Another issue is to convince dentists, a traditional group, that digital dentistry is the wave of the future, not a fad. Says Jensen: “There's an information gap we are trying to close.”


Finally, there's the matter of putting all the parts together while going from 20 employees and $3 million in annual sales to 280 employees and tens of millions of dollars in annual sales. To reach that lofty goal, Grimes will rely on the 3M partnership and the ability of Natural Prosthetic's top four executives to divide and conquer without trampling over each other.

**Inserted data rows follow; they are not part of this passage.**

definition acts_by_automorphisms ::
    "('g, 'b) monoid_scheme \<Rightarrow> 'v set \<Rightarrow> ('v \<Rightarrow> 'v \<Rightarrow> bool) \<Rightarrow> ('g \<Rightarrow> 'v \<Rightarrow> 'v) \<Rightarrow> bool" where
  "acts_by_automorphisms G V adj \<phi> \<longleftrightarrow> group G \<and> group_action G V \<phi> \<and>
     (\<forall>h\<in>carrier G. \<forall>v\<in>V. \<forall>w\<in>V. adj (\<phi> h v) (\<phi> h w) \<longleftrightarrow> adj v w)"

definition edge_orbits ::
    "('g, 'b) monoid_scheme \<Rightarrow> ('v \<Rightarrow> 'v \<Rightarrow> bool) \<Rightarrow> ('g \<Rightarrow> 'v \<Rightarrow> 'v) \<Rightarrow> 'v set set set" where
  "edge_orbits G adj \<phi> = {{\<phi> h ` e | h. h \<in> carrier G} | e. e \<in> graph_edges adj}"

definition cube_measure :: "nat \<Rightarrow> 'v set \<Rightarrow> ('v \<Rightarrow> nat) measure" where
  "cube_measure n V = sigma (V \<rightarrow>\<^sub>E {1..n})
     {{f \<in> V \<rightarrow>\<^sub>E {1..n}. f v = j} | v j. v \<in> V \<and> j \<in> {1..n}}"

definition colourings :: "nat \<Rightarrow> 'v set \<Rightarrow> ('v \<Rightarrow> 'v \<Rightarrow> bool) \<Rightarrow> ('v \<Rightarrow> nat) set" where
  "colourings n V adj = {c \<in> V \<rightarrow>\<^sub>E {1..n}. \<forall>v w. adj v w \<longrightarrow> c v \<noteq> c w}"

definition colouring_measure :: "nat \<Rightarrow> 'v set \<Rightarrow> ('v \<Rightarrow> 'v \<Rightarrow> bool) \<Rightarrow> ('v \<Rightarrow> nat) measure" where
  "colouring_measure n V adj = restrict_space (cube_measure n V) (colourings n V adj)"

definition fun_act :: "('g, 'b) monoid_scheme \<Rightarrow> ('g \<Rightarrow> 'v \<Rightarrow> 'v) \<Rightarrow> 'v set \<Rightarrow> 'g \<Rightarrow> ('v \<Rightarrow> nat) \<Rightarrow> ('v \<Rightarrow> nat)" where
  "fun_act G \<phi> V h f = (\<lambda>v\<in>V. f (\<phi> (inv\<^bsub>G\<^esub> h) v))"

end

(*
  Label the vertices by independent uniform random reals and colour greedily in increasing order
  of labels: each vertex takes the least colour not used by its lower-labelled neighbours, so at
  most k + 1 colours occur. The colour of v is determined after d rounds as soon as no walk of
  length d leaves v with strictly decreasing labels. A fixed walk has probability at most
  1/(d+1)! of being decreasing and there are at most k^d walks, so almost surely every vertex has
  such a d, and labels are almost surely distinct, which makes the colouring proper. The
  construction commutes with graph automorphisms and the i.i.d. law is invariant under
  permuting the vertices, hence the law of the colouring is invariant.
*)

theory Submission
  imports Defs "HOL-Combinatorics.Multiset_Permutations"
begin

definition least_free_colour :: "nat set \<Rightarrow> nat" where
  "least_free_colour S = (LEAST j. 0 < j \<and> j \<notin> S)"

lemma least_free_colour_pos: "finite S \<Longrightarrow> 0 < least_free_colour S"
  and least_free_colour_notin: "finite S \<Longrightarrow> least_free_colour S \<notin> S"
proof -
  assume "finite S"
  have "0 < Suc (Max (insert 0 S)) \<and> Suc (Max (insert 0 S)) \<notin> S"
    using \<open>finite S\<close> Max_ge[of "insert 0 S"] by (metis Suc_n_not_le_n finite_insert insertCI zero_less_Suc)
  then have "0 < least_free_colour S \<and> least_free_colour S \<notin> S"
    unfolding least_free_colour_def by (rule LeastI)
  then show "0 < least_free_colour S" "least_free_colour S \<notin> S" by auto
qed

lemma least_free_colour_le:
  assumes "finite S" "card S \<le> k"
  shows "least_free_colour S \<le> Suc k"
proof -
  have "\<not> {1..Suc k} \<subseteq> S"
    using card_mono[OF assms(1), of "{1..Suc k}"] assms(2) by auto
  then obtain j where j: "j \<in> {1..Suc k}" "j \<notin> S" by blast
  then have "least_free_colour S \<le> j"
    unfolding least_free_colour_def by (intro Least_le) auto
  then show ?thesis using j by auto
qed

lemma least_free_colour_eq_iff:
  assumes "finite S"
  shows "least_free_colour S = j \<longleftrightarrow> 0 < j \<and> j \<notin> S \<and> {1..<j} \<subseteq> S"
proof
  assume j: "least_free_colour S = j"
  have "i \<in> S" if "i \<in> {1..<j}" for i
  proof -
    have "\<not> (0 < i \<and> i \<notin> S)"
      using that j unfolding least_free_colour_def by (intro not_less_Least) auto
    then show ?thesis using that by auto
  qed
  then show "0 < j \<and> j \<notin> S \<and> {1..<j} \<subseteq> S"
    using least_free_colour_pos[OF assms] least_free_colour_notin[OF assms] j by auto
next
  assume j: "0 < j \<and> j \<notin> S \<and> {1..<j} \<subseteq> S"
  show "least_free_colour S = j"
    unfolding least_free_colour_def
  proof (rule Least_equality)
    show "0 < j \<and> j \<notin> S" using j by auto
    show "j \<le> i" if i: "0 < i \<and> i \<notin> S" for i
    proof (rule ccontr)
      assume "\<not> j \<le> i"
      then have "i \<in> {1..<j}" using i by auto
      then show False using i j by blast
    qed
  qed
qed

definition relabel :: "'v set \<Rightarrow> ('v \<Rightarrow> 'v) \<Rightarrow> ('v \<Rightarrow> 'a) \<Rightarrow> 'v \<Rightarrow> 'a" where
  "relabel V ch x = (\<lambda>v\<in>V. x (ch v))"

“We have the momentum now,” says Grimes. “But we still have a lot of work to do.”


Cold Case Files


Eric Grimes is head-over-heels passionate about the growth prospects for Natural Prosthetic Dental Lab, a company he's helped run for five years.


But Grimes is equally passionate about his first professional love: Law enforcement. And fortunately for Grimes, he now gets to combine both passions.

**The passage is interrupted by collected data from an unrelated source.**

definition actH_A ::
  "(complex \<Rightarrow> 'a::ring_1 \<Rightarrow> 'a) \<Rightarrow> ('a \<Rightarrow> ('a \<times> 'a) list) \<Rightarrow> ('a \<Rightarrow> 'a) \<Rightarrow>
   ('h \<Rightarrow> 'a \<Rightarrow> complex) \<Rightarrow> 'h \<Rightarrow> 'a \<Rightarrow> 'a" where
  "actH_A sA \<Delta>A SA pair h a = sum_list [sA (pair h (SA a1 * a3)) a2. (a1, a2, a3) \<leftarrow> sw3 \<Delta>A a]"

definition actA_A ::
  "(complex \<Rightarrow> 'h::ring_1 \<Rightarrow> 'h) \<Rightarrow> (complex \<Rightarrow> 'a::ring_1 \<Rightarrow> 'a) \<Rightarrow> ('a \<Rightarrow> ('a \<times> 'a) list) \<Rightarrow>
   ('h \<Rightarrow> 'a \<Rightarrow> complex) \<Rightarrow> ('h \<times> 'h) list \<Rightarrow> 'a \<Rightarrow> 'a \<Rightarrow> 'a" where
  "actA_A sH sA \<Delta>A pair R b a =
     sum_list [sA (pair (t1 * r2) b * pair t2 a1 * pair r1 a3) a2.
                 (t1, t2) \<leftarrow> R, (r1, r2) \<leftarrow> R, (a1, a2, a3) \<leftarrow> sw3 \<Delta>A a]
     - sA (pair (Qmap sH pair R a) b) 1"

definition actH_H :: "('h::ring_1 \<Rightarrow> ('h \<times> 'h) list) \<Rightarrow> ('h \<Rightarrow> 'h) \<Rightarrow> 'h \<Rightarrow> 'h \<Rightarrow> 'h" where
  "actH_H \<Delta>H SH h x = sum_list [p * x * SH q. (p, q) \<leftarrow> \<Delta>H h]"

definition actA_H ::
  "(complex \<Rightarrow> 'h::ring_1 \<Rightarrow> 'h) \<Rightarrow> ('h \<Rightarrow> ('h \<times> 'h) list) \<Rightarrow> ('h \<Rightarrow> 'a \<Rightarrow> complex) \<Rightarrow> 'a \<Rightarrow> 'h \<Rightarrow> 'h" where
  "actA_H sH \<Delta>H pair b x = sum_list [sH (pair p b) q. (p, q) \<leftarrow> \<Delta>H x] - sH (pair x b) 1"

Grimes, it turns out, is an active member of a unique, business-owner focused volunteer cold case squad with the Palmetto Police Department. The north Manatee County city, with a population of about 13,000, has six unsolved homicides — all of which took place since 2002. Former police chief Garry Lowe formed the unit of volunteers last year to shake some new life into the cases.


Bradenton funeral director Ray Shannon, a former inspector with the Manatee County Sherriff's Office, joins Grimes on the cold case squad. Dan Molter, owner of a pest-control business in the county, also previously volunteered for the unit.


Palmetto Police Chief Rick Wells, who took over the department from the retired Lowe in September, says volunteers like Grimes and Shannon have been valuable. They know how to talk to suspects and witnesses, understand the magnitude of flawless record keeping and care about the community, Wells says.


“They are looking for anything that might have been missed or overlooked,” says Wells, son of longtime Manatee Sherriff Charlie Wells. “It's very methodical work.”


Methodical, but not Hollywood-style cops and robbers.


Grimes says he's not kicking down doors and chasing bad guys down alleys.


Instead, he says, the cold case squad is a way to give back and honor his father, a Manatee County police officer killed in the line of duty when the younger Grimes was 7 years old. Eric Grimes himself became a deputy for the Manatee County Sherriff's Office straight out of high school.


Grimes, who attended the police academy while he ran his first business, a Signs Now franchise in Sarasota, soon faced a choice: Follow his entrepreneurial mindset into a business life, or stick with law enforcement. “I couldn't keep doing it all,” he says. “I had to choose.”